I have a QVD file with duplicate records in it as a result of a an incremental load appending to it each day. Its a supply chain app, with data coming from a third party daily. Each time they make changes in their system, the record is flagged to be included in the extract we get the next day.
The loading of the old data in the QVD and the appending on the new daily file is working ok, and if possible I don't want to change this process, what I would like to do, is create a new process to read the QVD with duplicate records and produce a QVD without duplicates.
Right now the following 5 fields define a unqiue record:
FIlename (which contains the date of that file load)
I have read the advice on this board where a NOT EXIST in PK idea is used, but I don't think this would work for me.
I thought, I could build a unique key out of the concatenation of these fields, then sort the QVD in descending order (making the last date loaded be at the top of the sort), and then taking the first unique record.

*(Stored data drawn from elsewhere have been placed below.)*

lemma constant_along_separates_level:
  fixes f :: "'a::euclidean_space \<Rightarrow> real"
  assumes cont: "continuous_on UNIV f" and mono: "\<And>w v. monotonic_on_line w v f"
    and sep0: "separates_level f c n0 k0" and "n0 \<bullet> v = 0"
  shows "f (x + t *\<^sub>R v) = f x"
proof -
  have increase_impossible: False if "f p < f (p + s *\<^sub>R v)" for p s
  proof -
    define d where "d = (f p + f (p + s *\<^sub>R v)) / 2"
    have "f p < d" "d < f (p + s *\<^sub>R v)"
      using that by (simp_all add: d_def)
    obtain n k where sep: "separates_level f d n k" and "n \<bullet> v = 0"
    proof (cases "d = c")
      case True
      then show ?thesis using that sep0 \<open>n0 \<bullet> v = 0\<close> by blast
    next
      case False
      obtain n k where sep: "separates_level f d n k"
        using exists_separates_level [OF cont mono \<open>f p < d\<close> \<open>d < f (p + s *\<^sub>R v)\<close>] by blast
      moreover have "n \<bullet> v = 0"
        using separates_level_orthogonal [OF sep0 sep _ \<open>n0 \<bullet> v = 0\<close>] False by simp
      ultimately show ?thesis using that by blast
    qed
    have "n \<bullet> (p + s *\<^sub>R v) = n \<bullet> p"
      using \<open>n \<bullet> v = 0\<close> by (simp add: inner_add_right)
    then have "f (p + s *\<^sub>R v) \<le> d \<or> d \<le> f p"
      using separates_level_le [OF sep] separates_level_ge [OF sep] by (metis nle_le)
    then show False
      using \<open>f p < d\<close> \<open>d < f (p + s *\<^sub>R v)\<close> by linarith
  qed
  have "\<not> f x < f (x + t *\<^sub>R v)"
    using increase_impossible by blast
  moreover have "\<not> f (x + t *\<^sub>R v) < f x"
    using increase_impossible [of "x + t *\<^sub>R v" "- t"] by auto
  ultimately show ?thesis
    by linarith
qed

lemma exists_constant_direction:
  fixes f :: "'a::euclidean_space \<Rightarrow> real"
  assumes cont: "continuous_on UNIV f" and mono: "\<And>w v. monotonic_on_line w v f"
    and "2 \<le> DIM('a)"
  shows "\<exists>u v. u \<noteq> 0 \<and> v \<noteq> 0 \<and> orthogonal u v \<and> (\<forall>x t. f (x + t *\<^sub>R v) = f x)"
proof (cases "\<exists>a b. f a < f b")
  case True
  then obtain a b where "f a < f b" by blast
  moreover have "f a < (f a + f b) / 2" "(f a + f b) / 2 < f b"
    using \<open>f a < f b\<close> by simp_all
  ultimately obtain n k where sep: "separates_level f ((f a + f b) / 2) n k"
    using exists_separates_level [OF cont mono] by blast
  then have "n \<noteq> 0" by (simp add: separates_level_def)
  obtain v where "v \<noteq> 0" "orthogonal n v"
    using orthogonal_to_vector_exists [OF \<open>2 \<le> DIM('a)\<close>] by blast
  then have "f (x + t *\<^sub>R v) = f x" for x t
    using constant_along_separates_level [OF cont mono sep] by (simp add: orthogonal_def)
  then show ?thesis
    using \<open>n \<noteq> 0\<close> \<open>v \<noteq> 0\<close> \<open>orthogonal n v\<close> by blast
next
  case False
  then have "f (x + t *\<^sub>R v) = f x" for x t v
    by (meson order_antisym not_less)
  obtain u :: 'a where "u \<in> Basis"
    using nonempty_Basis by blast
  then have "u \<noteq> 0" by auto
  moreover obtain v where "v \<noteq> 0" "orthogonal u v"
    using orthogonal_to_vector_exists [OF \<open>2 \<le> DIM('a)\<close>] by blast
  ultimately show ?thesis
    using \<open>\<And>x t v. f (x + t *\<^sub>R v) = f x\<close> by blast
qed

lemma IRHS_graph_monotonic_on_line:
  assumes "IRHS (range (\<lambda>x. (x, f x)))"
  shows "monotonic_on_line w v f"
proof -
  obtain g where g: "monotonic_on_line w v g"
    and eq: "range (\<lambda>x. (x, f x)) \<inter> (line_through w v \<times> {0..1}) = (\<lambda>x. (x, g x)) ` line_through w v"
    using assms unfolding IRHS_def by blast
  have "f x \<in> {0..1}" for x
    using assms unfolding IRHS_def by blast
  then have "(x, f x) \<in> (\<lambda>x. (x, g x)) ` line_through w v" if "x \<in> line_through w v" for x
    using that unfolding eq [symmetric] by blast
  then have "f x = g x" if "x \<in> line_through w v" for x
    using that by blast
  then show ?thesis
    using g unfolding monotonic_on_line_def line_through_def by auto
qed

theorem theorem1:
  fixes f :: "'v::euclidean_space \<Rightarrow> real"
  assumes "DIM('v) = 2"
    and "IRHS (range (\<lambda>\<theta>. (\<theta>, f \<theta>)))"
  shows "\<exists>u v. u \<noteq> 0 \<and> v \<noteq> 0 \<and> u \<noteq> v \<and> independent {u, v} \<and>
           (\<forall>\<mu> t. f (\<mu> *\<^sub>R u + t *\<^sub>R v) = f (\<mu> *\<^sub>R u)) \<and>
           monotonic (\<lambda>\<mu>. f (\<mu> *\<^sub>R u)) \<and> (\<forall>\<mu>. f (\<mu> *\<^sub>R u) \<in> {0..1})"
proof -
  have cont: "continuous_on UNIV f"
    using assms(2) continuous_on_graph_submanifold unfolding IRHS_def by blast
  have mono: "monotonic_on_line w v f" for w v
    using assms(2) by (rule IRHS_graph_monotonic_on_line)
  obtain u v where "u \<noteq> 0" "v \<noteq> 0" "orthogonal u v" and const: "\<forall>x t. f (x + t *\<^sub>R v) = f x"
    using exists_constant_direction [OF cont mono] assms(1) by auto
  have "u \<noteq> v"
    using \<open>u \<noteq> 0\<close> \<open>orthogonal u v\<close> by (auto simp: orthogonal_def)
  have "independent {u, v}"
    using \<open>u \<noteq> 0\<close> \<open>v \<noteq> 0\<close> \<open>orthogonal u v\<close>
    by (intro pairwise_orthogonal_independent) (auto simp: pairwise_def orthogonal_commute)
  have "monotonic (\<lambda>\<mu>. f (\<mu> *\<^sub>R u))"
    using mono [of 0 u] unfolding monotonic_on_line_def monotonic_def mono_def antimono_def by simp
  have "f x \<in> {0..1}" for x
    using assms(2) unfolding IRHS_def by blast
  then show ?thesis
    using \<open>u \<noteq> 0\<close> \<open>v \<noteq> 0\<close> \<open>u \<noteq> v\<close> \<open>independent {u, v}\<close> \<open>monotonic (\<lambda>\<mu>. f (\<mu> *\<^sub>R u))\<close> const
    by (intro exI [of _ u] exI [of _ v]) simp
qed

If you think this would work, could you please help me with the syntax.
Well you could do it that way, but it would probably be easier to do a GROUP BY rather than an ORDER BY. You would then use either max or maxtring to take only unique values. Example:
LOAD [PO Order#], [Season], [Style], [Color], [Size], max(field1) as field1, //for numeric fields, maxstring(field2) as field2 //for text fields RESIDENT data GROUP BY [PO Order#],[Season],[Style],[Color],[Size];